Comparison of unamplified- and amplified targets
A typical sample for amplified Super SMART™ PCR-product yields a distribution of sizes from 500 bp-6000 bp with a peak centered at 900 bp (Clontech, Super Smart PCR cDNA Synthesis Kit User manual). A typical sample for amplified Message Amp™ aRNA yields a distribution of sizes from 250 nt-5500 nt with a peak centered at 1000–1500 nt (Ambion, Catalog #1752). The distributions of our amplified material agree well with the manufacturers' data (See Additional file 1 and 2). It has been reported that PCR amplification requires less RNA, is more reproducible and generates better target transcripts than linear amplification [5, 13], at least if the sequences are limited to the 3'- end. Linear T7 amplification has however been widely used when starting material is limiting. Recently some researchers have reported bias in their data. In some studies the bias is said to be of minor importance, systematic and reproducible, affecting all the samples in the same way and therefore potentially controllable in the normalization (e.g. to calculate fold change) [10, 14]. In other studies the bias from different amplification protocol is affecting the general ratios of gene expression [5, 12]. Part of the bias may arise from the T7 RNA polymerase's intrinsic nucleolytic activity that appears during extended incubation [15]. Other bias is maybe introduced owing to the characteristics of the individual transcripts.

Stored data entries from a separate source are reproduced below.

lemma card_bool_lists_count: "card {s :: bool list. length s = n \<and> east_count s = r} = n choose r"
proof (induction n arbitrary: r)
  case 0
  have "{s :: bool list. length s = 0 \<and> east_count s = r} = (if r = 0 then {[]} else {})"
    by (auto simp: east_count_def)
  then show ?case by simp
next
  case (Suc n)
  let ?S = "\<lambda>n r. {s :: bool list. length s = n \<and> east_count s = r}"
  have fin: "finite (?S n r)" for r
    by (rule finite_subset[OF _ finite_lists_of_length[of n]]) auto
  have split: "?S (Suc n) r = (if r = 0 then {} else Cons True ` ?S n (r - 1)) \<union> Cons False ` ?S n r"
    by (auto simp: length_Suc_conv east_count_def split: if_splits)
  have "card (?S (Suc n) r) = (if r = 0 then 0 else n choose (r - 1)) + (n choose r)"
    unfolding split by (subst card_Un_disjoint) (auto simp: fin card_image Suc.IH)
  then show ?case by (cases r) simp_all
qed

lemma east1_map: "east1 xs = east_count (map fst xs)"
  by (simp add: east1_def east_count_def comp_def)

lemma east2_map: "east2 xs = east_count (map snd xs)"
  by (simp add: east2_def east_count_def comp_def)

lemma east1_zip: "length s1 = length s2 \<Longrightarrow> east1 (zip s1 s2) = east_count s1"
  by (simp only: east1_map map_fst_zip)

lemma east2_zip: "length s1 = length s2 \<Longrightarrow> east2 (zip s1 s2) = east_count s2"
  by (simp only: east2_map map_snd_zip)

lemma card_coterminal_east1: "card {xs \<in> coterminal n. east1 xs = r} = (n choose r)^2"
proof -
  let ?B = "{s :: bool list. length s = n \<and> east_count s = r}"
  have "bij_betw (\<lambda>xs. (map fst xs, map snd xs)) {xs \<in> coterminal n. east1 xs = r} (?B \<times> ?B)"
  proof (rule bij_betw_byWitness[where f' = "\<lambda>(s1, s2). zip s1 s2"])
    show "(\<lambda>(s1, s2). zip s1 s2) ` (?B \<times> ?B) \<subseteq> {xs \<in> coterminal n. east1 xs = r}"
      by (auto simp: coterminal_def east1_zip east2_zip)
    show "(\<lambda>xs. (map fst xs, map snd xs)) ` {xs \<in> coterminal n. east1 xs = r} \<subseteq> ?B \<times> ?B"
      by (auto simp: coterminal_def east1_map east2_map)
  qed (auto simp: zip_map_fst_snd)
  then show ?thesis
    by (simp add: bij_betw_same_card card_cartesian_product card_bool_lists_count power2_eq_square)
qed

lemma coeff_coterminal_poly: "coeff (coterminal_poly n) r = real (n choose r) ^ 2"
  unfolding coterminal_poly_def
  by (subst coeff_sum_monom) (simp_all add: finite_coterminal card_coterminal_east1)

section \<open>The first-return series\<close>

definition polyX :: "real poly" where
  "polyX = [:0, 1:]"

definition coeff_int :: "real poly \<Rightarrow> int \<Rightarrow> real" where
  "coeff_int p j = (if j < 0 then 0 else coeff p (nat j))"

lemma poly_eqI_coeff_int: "(\<And>j. 0 \<le> j \<Longrightarrow> coeff_int p j = coeff_int q j) \<Longrightarrow> p = q"
  by (rule poly_eqI) (metis coeff_int_def nat_int of_nat_0_le_iff not_less)

lemma coeff_int_add [simp]: "coeff_int (p + q) j = coeff_int p j + coeff_int q j"
  by (simp add: coeff_int_def)

lemma coeff_int_diff [simp]: "coeff_int (p - q) j = coeff_int p j - coeff_int q j"
  by (simp add: coeff_int_def)

lemma coeff_int_of_nat_mult [simp]: "coeff_int (of_nat c * p) j = of_nat c * coeff_int p j"
  by (simp add: coeff_int_def of_nat_poly)

lemma coeff_int_numeral_mult [simp]: "coeff_int (numeral c * p) j = numeral c * coeff_int p j"
  using coeff_int_of_nat_mult[of "numeral c" p j] by simp

lemma coeff_int_polyX_mult [simp]: "coeff_int (polyX * p) j = coeff_int p (j - 1)"
  by (auto simp: coeff_int_def polyX_def coeff_pCons nat_diff_distrib' split: nat.split)

lemma coeff_int_polyX: "coeff_int polyX j = (if j = 1 then 1 else 0)"
  using coeff_int_polyX_mult[of 1 j] by (simp add: coeff_int_def)

lemma coeff_int_one_plus_polyX_mult: "coeff_int ((1 + polyX) * p) j = coeff_int p j + coeff_int p (j - 1)"
  by (simp add: distrib_right)

lemma coeff_int_one_minus_polyX_sq_mult:
  "coeff_int ((1 - polyX)^2 * p) j = coeff_int p j - 2 * coeff_int p (j - 1) + coeff_int p (j - 2)"
proof -
  have "(1 - polyX)^2 * p = p - 2 * (polyX * p) + polyX * (polyX * p)"
    by (simp add: power2_eq_square algebra_simps)
  then show ?thesis by simp
qed

lemma coeff_int_coterminal_poly: "coeff_int (coterminal_poly m) j = (binom (int m) j)^2"
  by (auto simp: coeff_int_def binom_def coeff_coterminal_poly)

lemma coterminal_poly_recurrence:
  "of_nat (n+1) * coterminal_poly (n+1)
     = (1 + polyX) * (of_nat (2*n+1) * coterminal_poly n) - (1 - polyX)^2 * (of_nat n * coterminal_poly (n-1))"
proof (rule poly_eqI_coeff_int)
  fix j :: int
  have rec: "of_int (int n + 1) * (binom (int n + 1) j)^2
      = of_int (2*(int n+1)-1) * ((binom (int n) j)^2 + (binom (int n) (j-1))^2)
        - of_int (int n) * ((binom (int n - 1) j)^2 - 2 * (binom (int n - 1) (j-1))^2 + (binom (int n - 1) (j-2))^2)"
    using binom_square_recurrence[of "int n + 1" j] by simp
  show "coeff_int (of_nat (n+1) * coterminal_poly (n+1)) j
      = coeff_int ((1 + polyX) * (of_nat (2*n+1) * coterminal_poly n) - (1 - polyX)^2 * (of_nat n * coterminal_poly (n-1))) j"
    unfolding coeff_int_diff coeff_int_one_plus_polyX_mult coeff_int_one_minus_polyX_sq_mult
      coeff_int_of_nat_mult coeff_int_coterminal_poly
    using rec by (cases n) (simp_all add: algebra_simps)
qed

definition Delta :: "real poly fps" where
  "Delta = 1 - fps_const (2 * (1 + polyX)) * fps_X + fps_const ((1 - polyX)^2) * fps_X^2"

lemma Delta_nth:
  "Delta $ n = (if n = 0 then 1 else if n = 1 then - 2 * (1 + polyX) else if n = 2 then (1 - polyX)^2 else 0)"
  unfolding Delta_def by (simp add: fps_X_power_nth)

lemma Delta_mult_nth:
  "(Delta * f) $ n = f $ n - 2 * (1 + polyX) * (if n = 0 then 0 else f $ (n - 1))
     + (1 - polyX)^2 * (if n < 2 then 0 else f $ (n - 2))"
proof -
  have "Delta * f = f - fps_const (2 * (1 + polyX)) * (fps_X * f) + fps_const ((1 - polyX)^2) * (fps_X^2 * f)"
    unfolding Delta_def by (simp only: ring_distribs mult.assoc mult_1)
  then show ?thesis by (simp add: fps_X_mult_nth fps_X_power_mult_nth)
qed

lemma fps_deriv_Delta: "fps_deriv Delta = fps_const (- 2 * (1 + polyX)) + fps_const (2 * (1 - polyX)^2) * fps_X"
  by (rule fps_ext) (auto simp: Delta_nth fps_X_nth)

We have found a preferential amplification of certain nucleotide sequences by the Super SMART™ PCR relative to a nonamplified target in earlier membrane array experiments, where the targets were prepared from the samples of lignified planings and nonlignified xylem scrapings (data not shown). The correlation (R2 ) between transcript abundance using unamplified and Super SMART™ PCR amplified targets was 0.77 for scrapings and 0.68 for planings.
Comparing five lines of Picea abies shoots where the first biological replicate consisted of unamplified targets and the second biological replicate consisted of targets amplified with T7 transcription we obtained a correlation of R2 = 0.74 (data not shown). Ambion has reported R2 = 0.87 [16] between technical repeats.
Plots of the individual gene transcript abundance of unamplified versus amplified target should give a straight line of slope 1 if the overall expression is preserved. However, there is some nonlinear behavior in both cases. For unamplified versus PCR amplified target the curve is generally nonlinear and lower abundance transcripts are under-represented and highly expressed transcripts are amplified better than average. For the unamplified versus T7 amplified targets a very small minority of highly expressed transcripts do not follow the linear slope of around 1.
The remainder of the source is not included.